EdgeCrab is a Rust 2024 edition workspace. Every crate has a single responsibility and the dependency graph is a strict DAG — no circular dependencies, no feature flags that reverse the graph.


edgecrab/
Cargo.toml -- workspace manifest
crates/
edgecrab-types/ -- shared types (no deps on other crates)
edgecrab-security/ -- SSRF, path-safety, injection scanning
edgecrab-state/ -- SQLite WAL session storage + FTS5
edgecrab-cron/ -- cron scheduler engine
edgecrab-tools/ -- tool registry, toolsets, all tool impls
edgecrab-core/ -- agent loop, config, context, LLM client
edgecrab-cli/ -- ratatui TUI, CLI args, commands, themes
edgecrab-gateway/ -- messaging adapters (10 platforms)
edgecrab-acp/ -- ACP JSON-RPC 2.0 stdio adapter
edgecrab-migrate/ -- schema migrations + one-shot migrate CLI

Arrows point from dependent to dependency. The graph is a strict DAG.

edgecrab-cli ------+
edgecrab-gateway --+---> edgecrab-core
edgecrab-acp ------+ |
edgecrab-migrate --+ +--> edgecrab-tools
| |
| +--> edgecrab-security
| +--> edgecrab-state
| +--> edgecrab-cron
| +--> edgecrab-types
|
+--> edgecrab-security
+--> edgecrab-state
+--> edgecrab-types

Key constraint: edgecrab-types has zero edgecrab dependencies. edgecrab-security depends only on types. This ensures the security layer can never accidentally bypass compile-time type safety.

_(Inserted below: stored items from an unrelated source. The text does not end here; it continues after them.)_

theorem theorem2p5:
  fixes a01 a02 :: real and a1 a2 \<alpha>1 \<alpha>2 :: "nat \<Rightarrow> real" and N1 N2 :: nat
    and f1 f2 f1' f2' pc dpc ddpc :: "real \<Rightarrow> real"
    and c1 c2 r0 s0 s_inf :: real and S S' :: "real \<Rightarrow> real"
  assumes g1: "admissible_g a01 a1 \<alpha>1 N1"
    and g2: "admissible_g a02 a2 \<alpha>2 N2"
    \<comment> \<open>Assumption A\<close>
    and f1_cont: "continuous_on {0..1} f1" and f2_cont: "continuous_on {0..1} f2"
    and f1_der: "\<And>x. x \<in> {0<..<1} \<Longrightarrow> (f1 has_real_derivative f1' x) (at x)"
    and f2_der: "\<And>x. x \<in> {0<..<1} \<Longrightarrow> (f2 has_real_derivative f2' x) (at x)"
    and f1'_cont: "continuous_on {0<..<1} f1'" and f2'_cont: "continuous_on {0<..<1} f2'"
    and f1_0: "f1 0 = 0" and f2_1: "f2 1 = 0"
    and f1'_pos: "\<And>x. x \<in> {0<..<1} \<Longrightarrow> f1' x > 0"
    and f2'_neg: "\<And>x. x \<in> {0<..<1} \<Longrightarrow> f2' x < 0"
    \<comment> \<open>Assumption B: p_c' exists on (0,1), is C^1 there and positive\<close>
    and pc_der: "\<And>x. x \<in> {0<..<1} \<Longrightarrow> (pc has_real_derivative dpc x) (at x)"
    and dpc_der: "\<And>x. x \<in> {0<..<1} \<Longrightarrow> (dpc has_real_derivative ddpc x) (at x)"
    and ddpc_cont: "continuous_on {0<..<1} ddpc"
    and dpc_pos: "\<And>x. x \<in> {0<..<1} \<Longrightarrow> dpc x > 0"
    \<comment> \<open>parameters\<close>
    and c_nz: "c1\<^sup>2 + c2\<^sup>2 > 0"
    and r0_pos: "r0 > 0"
    \<comment> \<open>S solves (IVP) with n = 2 on [r0, \<infinity>)\<close>
    and S_cont: "continuous_on {r0..} S"
    and S_der: "\<And>r. r > r0 \<Longrightarrow> (S has_real_derivative S' r) (at r)"
    and S_ode: "\<And>r. r > r0 \<Longrightarrow>
        S' r = Gfun a02 a2 \<alpha>2 N2 (c2 * r powr (1 - 2)) * (1 / (dpc (S r) * f2 (S r)))
             - Gfun a01 a1 \<alpha>1 N1 (c1 * r powr (1 - 2)) * (1 / (dpc (S r) * f1 (S r)))"
    and S_init: "S r0 = s0" and s0_in: "s0 \<in> {0<..<1}"
    and S_range: "\<And>r. r \<ge> r0 \<Longrightarrow> 0 < S r \<and> S r < 1"
    and S_lim: "(S \<longlongrightarrow> s_inf) at_top"
  shows "(c1 \<le> 0 \<and> c2 \<ge> 0 \<longrightarrow> s_inf = 1)
       \<and> (c1 \<ge> 0 \<and> c2 \<le> 0 \<longrightarrow> s_inf = 0)
       \<and> (c1 < 0 \<and> c2 < 0 \<longrightarrow> s_inf = sstar f1 f2 c1 c2 a01 a02)
       \<and> (c1 > 0 \<and> c2 > 0 \<longrightarrow> s_inf \<in> {0, 1, sstar f1 f2 c1 c2 a01 a02})"
proof -
  define h1 where "h1 r = r * Gfun a01 a1 \<alpha>1 N1 (c1 * r powr (1 - 2))" for r
  define h2 where "h2 r = r * Gfun a02 a2 \<alpha>2 N2 (c2 * r powr (1 - 2))" for r
  interpret radial_two_phase_flow f1 f2 dpc h1 h2 S S' r0 "c1 * a01" "c2 * a02" s_inf
  proof
    show "strict_mono_on {0..1} f1" by (rule strict_mono_on_if_deriv_pos[OF f1_cont f1_der f1'_pos])
    show "strict_antimono_on {0..1} f2" by (rule strict_antimono_on_if_deriv_neg[OF f2_cont f2_der f2'_neg])
    show "continuous_on {0<..<1} dpc" by (rule has_real_derivative_imp_continuous_on[OF dpc_der])
    show "(h1 \<longlongrightarrow> c1 * a01) at_top" unfolding h1_def by (rule tendsto_scaled_Gfun[OF g1])
    show "(h2 \<longlongrightarrow> c2 * a02) at_top" unfolding h2_def by (rule tendsto_scaled_Gfun[OF g2])
    fix r assume "r > r0"
    then show "S' r = (h2 r / f2 (S r) - h1 r / f1 (S r)) / (r * dpc (S r))"
      using r0_pos unfolding S_ode[OF \<open>r > r0\<close>] h1_def h2_def by (simp add: diff_divide_distrib mult.commute)
  qed (use f1_cont f2_cont f1_0 f2_1 dpc_pos r0_pos S_der S_range S_lim in auto)
  have sign_h: "\<forall>\<^sub>F r in at_top. (h1 r \<le> 0 \<longleftrightarrow> c1 \<le> 0) \<and> (0 \<le> h1 r \<longleftrightarrow> 0 \<le> c1)
                  \<and> (h2 r \<le> 0 \<longleftrightarrow> c2 \<le> 0) \<and> (0 \<le> h2 r \<longleftrightarrow> 0 \<le> c2)"
    using eventually_gt_at_top[of 0]
    by eventually_elim (simp only: h1_def h2_def scaled_Gfun_sign_iff[OF g1] scaled_Gfun_sign_iff[OF g2])
  have k_ne: "c1 * a01 \<noteq> 0 \<or> c2 * a02 \<noteq> 0"
    and k_neg: "c1 < 0 \<Longrightarrow> c1 * a01 < 0" "c2 < 0 \<Longrightarrow> c2 * a02 < 0"
    using c_nz g1 g2 by (auto simp: admissible_g_def mult_neg_pos)
  have interior: "s_inf = sstar f1 f2 c1 c2 a01 a02" if "s_inf \<in> {0<..<1}" "c2 \<noteq> 0"
    using ratio_at_interior_limit[OF that(1)] sstar_eqI[OF that(1)] that(2) g2
    by (simp add: admissible_g_def)
  show ?thesis
  proof (intro conjI impI)
    assume c: "c1 \<le> 0 \<and> c2 \<ge> 0"
    have "\<forall>\<^sub>F r in at_top. h1 r \<le> 0 \<and> 0 \<le> h2 r" using sign_h by eventually_elim (use c in simp)
    then show "s_inf = 1" using k_ne by (rule limit_eq_1_if_h1_nonpos_h2_nonneg)
  next
    assume c: "c1 \<ge> 0 \<and> c2 \<le> 0"
    have "\<forall>\<^sub>F r in at_top. 0 \<le> h1 r \<and> h2 r \<le> 0" using sign_h by eventually_elim (use c in simp)
    then show "s_inf = 0" using k_ne by (rule limit_eq_0_if_h1_nonneg_h2_nonpos)
  next
    assume "c1 < 0 \<and> c2 < 0"
    then show "s_inf = sstar f1 f2 c1 c2 a01 a02"
      using interior limit_in_interior_if_k1_k2_neg k_neg by simp
  next
    assume "c1 > 0 \<and> c2 > 0"
    then show "s_inf \<in> {0, 1, sstar f1 f2 c1 c2 a01 a02}"
      using interior limit_in_unit_interval by fastforce
  qed
qed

Shared data structures: Message, ToolCall, ToolResult, ModelResponse, Provider, Session, ContentBlock, SanitizedPath, SafeUrl.

No business logic — pure serde-serializable types. SanitizedPath and SafeUrl are distinct Rust types, not aliases for String. Functions that accept file paths require SanitizedPath; functions that accept URLs require SafeUrl. Passing an unsanitized value is a compile error.

Six modules:

edgecrab-security/
path_jail.rs -- path traversal prevention (SanitizedPath)
url_safety.rs -- SSRF guard (SafeUrl, private IP + metadata blocklist)
command_scan.rs -- dangerous command scanning (Aho-Corasick + regex)
injection.rs -- prompt injection heuristics in tool results
redact.rs -- secret / token redaction in output
approval.rs -- manual / smart approval policy engine
normalize.rs -- ANSI strip + NFKC normalization before scanning

The command scanner runs two passes:

  1. Aho-Corasick O(n) literal scan across 8 danger categories
  2. Regex scan for non-contiguous patterns (e.g. DELETE FROM without WHERE)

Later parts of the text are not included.